AWS recommends deploying the transit gateway in a dedicated subnet (ref. this link), and then using Network ACLs to limit access to the Elastic Network Interfaces (ENIs) running within that subnet. This /28 subnet approach allows for more granular control over the traffic flowing through the transit gateway, as Network ACLs can be used to restrict access at the subnet level.
You cannot modify or associate security groups with network interfaces created by AWS Transit Gateway attachments. These interfaces are managed by AWS, and security groups cannot be applied to them.
To secure traffic, you'll need to focus on:
- Security Groups: Apply them to the individual instances or resources within your VPCs.
- Network ACLs: Use them at the subnet level to control traffic at the network boundary.
- Transit Gateway Route Tables: Use these to manage traffic routing between your VPCs and on-premises resources. https://docs.aws.amazon.com/vpc/latest/userguide/vpc-network-acls.html https://docs.aws.amazon.com/vpc/latest/tgw/tgw-route-tables.html
but why the option is existing and available for editing ! what is bad with NACL is that it is not stateful and if a new subnet in the VPC is created you can not guarantee which NACL is added to it , there should be a security control on the connection between the VPC and the transit gateway. also the transit gateway routing table is a reachability tool not a security one!
You're quite right that NACLs are rarely useful for a variety of reasons and that the Transit Gateway's capabilities are limited to being essentially a massive but ultimately simple router.
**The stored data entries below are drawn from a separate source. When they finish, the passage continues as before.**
(* Let $A$ be a combinatorially rich set in $(\mathbb{N},+)$. Then (1) $A$ contains a family of $2^\omega$ almost disjoint subsets each of which is combinatorially rich; and (2) $A$ can be split into $\omega$ pairwise disjoint subsets each of which is combinatorially rich.
   Context: $\mathbb{N}=\{1,2,\dots\}$. For $n\in\mathbb{N}$ and a set $X$, $\mathcal{P}_n(X)$ is the set of $n$-element subsets of $X$, and ${}^mX$ is the set of sequences of length $m$ in $X$. For a commutative semigroup $(S,+)$, $L\in\mathcal{P}_n({}^mS)$, $a\in S$ and nonempty $H\subseteq\{1,\dots,m\}$, put $S_L(a,H)=\{a+\sum_{t\in H}f(t): f\in L\}$. A set $A\subseteq S$ is combinatorially rich if there is a sequence $\langle r_n\rangle_{n=1}^\infty$ in $\mathbb{N}$ such that for each $n\in\mathbb{N}$ and each $L\in\mathcal{P}_n({}^{r_n}S)$ there exist $a\in S$ and nonempty $H\subseteq\{1,\dots,r_n\}$ with $S_L(a,H)\subseteq A$. For an infinite set $X$, a family of almost disjoint subsets of $X$ is a family of subsets of $X$ each of cardinality $|X|$ such that any two distinct members intersect in a set of cardinality less than $|X|$. *)

theory Defs
  imports Main "HOL-Library.FuncSet" "HOL-Library.Equipollence"
begin

text \<open>Sequences of length m in S: extensional functions {1..m} -> S.
  S_L(a,H) for L a set of such sequences.\<close>
definition S_L :: "(nat \<Rightarrow> 'a::comm_monoid_add) set \<Rightarrow> 'a \<Rightarrow> nat set \<Rightarrow> 'a set" where
  "S_L L a H = {a + (\<Sum>t\<in>H. f t) | f. f \<in> L}"

text \<open>Combinatorial richness of A inside the commutative semigroup with carrier S.
  Sums are only taken over nonempty H, so the monoid structure is only notational.\<close>
definition comb_rich :: "'a::comm_monoid_add set \<Rightarrow> 'a set \<Rightarrow> bool" where
  "comb_rich S A \<longleftrightarrow> A \<subseteq> S \<and>
     (\<exists>r :: nat \<Rightarrow> nat. (\<forall>n\<ge>1. r n \<ge> 1) \<and>
        (\<forall>n\<ge>1. \<forall>L. L \<subseteq> ({1..r n} \<rightarrow>\<^sub>E S) \<and> finite L \<and> card L = n \<longrightarrow>
            (\<exists>a\<in>S. \<exists>H. H \<subseteq> {1..r n} \<and> H \<noteq> {} \<and> S_L L a H \<subseteq> A)))"

definition almost_disjoint_family :: "'a set \<Rightarrow> 'a set set \<Rightarrow> bool" where
  "almost_disjoint_family X F \<longleftrightarrow>
     (\<forall>B\<in>F. B \<subseteq> X \<and> B \<approx> X) \<and>
     (\<forall>B\<in>F. \<forall>C\<in>F. B \<noteq> C \<longrightarrow> B \<inter> C \<prec> X)"

abbreviation Npos :: "nat set" where "Npos \<equiv> {1..}"

end

theory Submission
  imports Defs "HOL-Library.Disjoint_Sets" "HOL-Analysis.Finite_Cartesian_Product"
begin

text \<open>Fix a sequence \<open>r\<close> witnessing the richness of \<open>A\<close>. Richness with respect to \<open>r\<close> only
  concerns the countably many finite families \<open>L\<close> of positive sequences of length \<open>r |L|\<close>,
  and since every member of \<open>L\<close> may be shifted by a constant \<open>c\<close>, \<open>A\<close> contains for each \<open>L\<close>
  a set \<open>S\<^sub>L(a,H)\<close> lying entirely above \<open>c\<close>. Choosing these sets one after another above
  the previous ones, any countable list of requests \<open>L\<close> is served by pairwise disjoint
  subsets of \<open>A\<close>, and a set serving every \<open>L\<close> is again rich. For the partition, let the
  \<open>i\<close>-th piece serve all \<open>L\<close>; for the almost disjoint family, serve all \<open>L\<close> along every
  level of the binary tree \<open>2\<^sup><\<^sup>\<omega>\<close> and let \<open>B\<^sub>x\<close> collect what lies on the branch
  \<open>x \<subseteq> \<nat>\<close>: two branches share only finitely many nodes.\<close>

lemma countable_infinite_eqpoll:
  assumes "countable A" "infinite A" "countable B" "infinite B"
  shows "A \<approx> B"
proof -
  obtain f g where "bij_betw f (UNIV :: nat set) A" "bij_betw g (UNIV :: nat set) B"
    using countable_infiniteE' assms by metis
  then show ?thesis
    unfolding eqpoll_def by (meson bij_betw_inv bij_betw_trans)
qed

lemma disjoint_family_extend_to_partition:
  fixes U :: "nat \<Rightarrow> 'a set"
  assumes "disjoint_family U" "\<And>i. U i \<subseteq> A"
  shows "\<exists>P. disjoint_family P \<and> (\<Union>i. P i) = A \<and> (\<forall>i. U i \<subseteq> P i)"
proof -
  define P where "P i = (if i = 0 then U 0 \<union> (A - (\<Union>j. U j)) else U i)" for i
  have "disjoint_family P"
    using assms(1) unfolding P_def disjoint_family_on_def by auto
  moreover have "(\<Union>i. P i) = A"
    using assms(2) unfolding P_def by (auto split: if_splits; metis)
  moreover have "U i \<subseteq> P i" for i
    unfolding P_def by auto
  ultimately show ?thesis
    by blast
qed

definition test_families :: "(nat \<Rightarrow> nat) \<Rightarrow> (nat \<Rightarrow> nat) set set" where
  "test_families r = {L. finite L \<and> L \<noteq> {} \<and> L \<subseteq> {1..r (card L)} \<rightarrow>\<^sub>E Npos}"

definition patterns :: "(nat \<Rightarrow> nat) \<Rightarrow> (nat \<Rightarrow> nat) set \<Rightarrow> nat set set" where
  "patterns r L = {S_L L a H | a H. a \<in> Npos \<and> H \<subseteq> {1..r (card L)} \<and> H \<noteq> {}}"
Security groups don't apply to any routing-based constructs, such as TGW attachments, gateway load balancers, virtual private gateways (VGW), internet gateways (IGW), or NAT gateways, and the reason the graphical console displays the options is that for the EC2 console, all elastic network interfaces (ENIs) in the VPC are just interfaces, without individual differences in capabilities. It's the service that owns the ENI, such as TGW, that controls which operations are supported on its ENIs.
The way in which TGW can be combined with granular, centralised, and scalable access controls is by accompanying the TGW with a firewall, and using the TGW's route tables to force traffic between the networks you specify to pass through the firewall. This allows you to accomplish what you described, centrally controlling which exact traffic each VPC is allowed to send to any destination through the TGW.
There's an overview of the approach in this AWS blog post: https://aws.amazon.com/blogs/networking-and-content-delivery/deploy-centralized-traffic-filtering-using-aws-network-firewall/ and a more in-depth analysis of different deployment models here: https://aws.amazon.com/blogs/networking-and-content-delivery/deployment-models-for-aws-network-firewall/
but why the option is existing and available for editing ! what is bad with NACL is that it is not stateful and if a new subnet in the VPC is created you can not guarantee which NACL is added to it , there should be a security control on the connection between the VPC and the transit gateway. also the transit gateway routing table is a reachability tool not a security one!
The transit gateway route table is great for segmenting traffic, for exmaple, one RT for prod, dev, test and so on. What i see many AWS Users do, they introduce for example a next gen firewall (Network firewall, or other 3rd party appliances) when traffic are crossing segment. And the NACL, even though beeing stateless, you can create granular access based on the requirements you have, hence solving your problem imo. Maybe not the best solution to your point, but either that or central inspection with a next gen firewall. as i see it in addition to having Security groups on the target and source network interface as well.
@emnded I'd say NACLs are generally next to useless with niche exceptions. A NACL can only have a maximum of 40 rules and max 20 recommended; it can only inspect either the source CIDR (for inbound NACLs) or destination CIDR (outbound) but not both in combination; and it only deals with IP addresses, as opposed to the dynamic ENI associations that security groups have. NACLs can work fine for e.g. blocking access to the TGW from public subnets while allowing from private subnets, but not for any semblance of granular control that I can recognise.